## Your assignment
In the entries that follow, how many lines hold the string "mtens"? Give only that number.

## Extracted entries
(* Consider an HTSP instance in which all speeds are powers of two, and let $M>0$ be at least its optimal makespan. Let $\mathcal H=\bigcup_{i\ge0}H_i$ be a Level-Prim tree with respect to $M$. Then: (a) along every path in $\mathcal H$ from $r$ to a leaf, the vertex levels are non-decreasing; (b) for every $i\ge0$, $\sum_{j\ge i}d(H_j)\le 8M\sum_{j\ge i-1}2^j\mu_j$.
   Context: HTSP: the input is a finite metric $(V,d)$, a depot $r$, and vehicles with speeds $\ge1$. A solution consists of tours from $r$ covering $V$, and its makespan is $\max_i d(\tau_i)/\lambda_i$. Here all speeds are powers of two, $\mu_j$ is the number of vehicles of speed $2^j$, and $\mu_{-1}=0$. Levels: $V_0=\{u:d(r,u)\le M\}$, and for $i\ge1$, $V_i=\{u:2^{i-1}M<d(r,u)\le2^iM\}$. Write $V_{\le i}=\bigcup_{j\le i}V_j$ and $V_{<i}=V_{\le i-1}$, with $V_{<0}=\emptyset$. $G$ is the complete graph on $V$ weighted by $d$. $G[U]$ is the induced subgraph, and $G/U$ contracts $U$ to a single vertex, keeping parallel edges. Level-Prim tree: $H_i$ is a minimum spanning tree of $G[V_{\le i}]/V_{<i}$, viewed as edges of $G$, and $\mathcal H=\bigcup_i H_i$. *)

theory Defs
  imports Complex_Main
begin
* * *
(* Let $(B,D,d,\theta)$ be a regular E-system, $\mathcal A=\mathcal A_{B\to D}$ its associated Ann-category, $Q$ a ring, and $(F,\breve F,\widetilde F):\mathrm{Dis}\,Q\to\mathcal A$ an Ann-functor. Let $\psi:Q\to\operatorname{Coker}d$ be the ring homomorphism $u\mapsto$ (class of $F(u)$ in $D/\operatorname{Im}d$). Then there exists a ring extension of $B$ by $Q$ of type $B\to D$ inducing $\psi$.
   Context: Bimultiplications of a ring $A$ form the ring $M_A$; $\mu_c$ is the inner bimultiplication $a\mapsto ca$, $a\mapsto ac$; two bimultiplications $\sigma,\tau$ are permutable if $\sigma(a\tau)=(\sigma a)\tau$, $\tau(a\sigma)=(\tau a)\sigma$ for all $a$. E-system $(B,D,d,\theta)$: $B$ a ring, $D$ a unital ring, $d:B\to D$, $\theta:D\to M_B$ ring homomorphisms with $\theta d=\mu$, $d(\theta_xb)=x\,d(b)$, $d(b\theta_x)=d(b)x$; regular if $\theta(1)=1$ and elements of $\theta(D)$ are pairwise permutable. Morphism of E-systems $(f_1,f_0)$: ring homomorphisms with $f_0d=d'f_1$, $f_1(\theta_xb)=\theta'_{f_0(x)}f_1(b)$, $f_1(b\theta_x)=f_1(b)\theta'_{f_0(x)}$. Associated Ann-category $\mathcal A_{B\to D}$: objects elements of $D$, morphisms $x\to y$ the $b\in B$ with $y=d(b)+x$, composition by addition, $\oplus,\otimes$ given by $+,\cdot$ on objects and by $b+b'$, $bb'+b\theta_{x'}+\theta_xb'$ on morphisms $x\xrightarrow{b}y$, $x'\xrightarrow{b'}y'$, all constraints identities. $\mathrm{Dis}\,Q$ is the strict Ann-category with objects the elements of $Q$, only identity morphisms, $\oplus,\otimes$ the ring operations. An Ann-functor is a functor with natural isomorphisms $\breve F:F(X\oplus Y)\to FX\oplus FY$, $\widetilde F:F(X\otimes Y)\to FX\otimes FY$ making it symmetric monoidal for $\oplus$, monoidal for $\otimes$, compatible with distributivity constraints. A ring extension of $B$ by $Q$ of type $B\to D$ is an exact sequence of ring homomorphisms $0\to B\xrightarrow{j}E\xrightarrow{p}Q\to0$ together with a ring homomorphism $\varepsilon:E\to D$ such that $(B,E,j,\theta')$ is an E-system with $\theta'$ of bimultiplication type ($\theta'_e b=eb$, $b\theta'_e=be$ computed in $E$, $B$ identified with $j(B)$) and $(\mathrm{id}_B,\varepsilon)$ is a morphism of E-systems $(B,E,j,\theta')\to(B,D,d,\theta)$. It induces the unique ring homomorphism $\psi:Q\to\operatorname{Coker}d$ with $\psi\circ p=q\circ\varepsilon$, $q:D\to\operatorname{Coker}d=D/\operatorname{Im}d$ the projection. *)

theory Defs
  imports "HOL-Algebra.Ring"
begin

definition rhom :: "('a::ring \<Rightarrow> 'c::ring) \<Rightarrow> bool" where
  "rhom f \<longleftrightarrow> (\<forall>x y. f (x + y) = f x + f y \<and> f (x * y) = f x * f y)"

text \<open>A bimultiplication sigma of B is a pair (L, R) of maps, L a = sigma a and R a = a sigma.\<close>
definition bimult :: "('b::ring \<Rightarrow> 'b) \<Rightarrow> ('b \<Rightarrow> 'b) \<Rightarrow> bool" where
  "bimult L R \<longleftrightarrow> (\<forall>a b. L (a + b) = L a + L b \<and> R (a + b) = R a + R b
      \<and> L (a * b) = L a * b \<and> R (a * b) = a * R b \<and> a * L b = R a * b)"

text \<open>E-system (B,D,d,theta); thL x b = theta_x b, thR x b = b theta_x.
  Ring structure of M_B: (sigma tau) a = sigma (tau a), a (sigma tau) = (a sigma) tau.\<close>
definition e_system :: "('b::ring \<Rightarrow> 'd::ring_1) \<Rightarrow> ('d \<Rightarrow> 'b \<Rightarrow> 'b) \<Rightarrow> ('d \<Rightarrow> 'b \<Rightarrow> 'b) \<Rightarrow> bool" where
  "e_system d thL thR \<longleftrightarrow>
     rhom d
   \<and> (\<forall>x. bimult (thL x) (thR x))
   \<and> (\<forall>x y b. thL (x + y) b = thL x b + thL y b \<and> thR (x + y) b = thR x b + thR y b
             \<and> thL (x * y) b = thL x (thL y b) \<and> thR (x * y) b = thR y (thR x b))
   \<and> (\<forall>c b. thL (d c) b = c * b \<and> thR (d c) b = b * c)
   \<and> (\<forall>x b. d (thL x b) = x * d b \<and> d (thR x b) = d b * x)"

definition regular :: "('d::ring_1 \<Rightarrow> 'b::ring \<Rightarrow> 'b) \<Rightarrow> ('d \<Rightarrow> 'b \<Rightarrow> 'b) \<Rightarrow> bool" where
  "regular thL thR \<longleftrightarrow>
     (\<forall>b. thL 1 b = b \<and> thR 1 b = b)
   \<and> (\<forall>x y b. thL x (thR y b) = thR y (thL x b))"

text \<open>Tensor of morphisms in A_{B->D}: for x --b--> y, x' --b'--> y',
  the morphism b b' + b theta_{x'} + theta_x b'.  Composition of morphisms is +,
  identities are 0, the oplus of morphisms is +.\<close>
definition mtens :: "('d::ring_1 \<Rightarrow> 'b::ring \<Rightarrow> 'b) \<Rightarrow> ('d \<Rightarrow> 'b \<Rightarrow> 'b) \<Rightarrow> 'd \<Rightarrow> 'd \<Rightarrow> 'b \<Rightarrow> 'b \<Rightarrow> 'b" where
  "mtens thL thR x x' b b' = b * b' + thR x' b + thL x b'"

## Exercise solution
2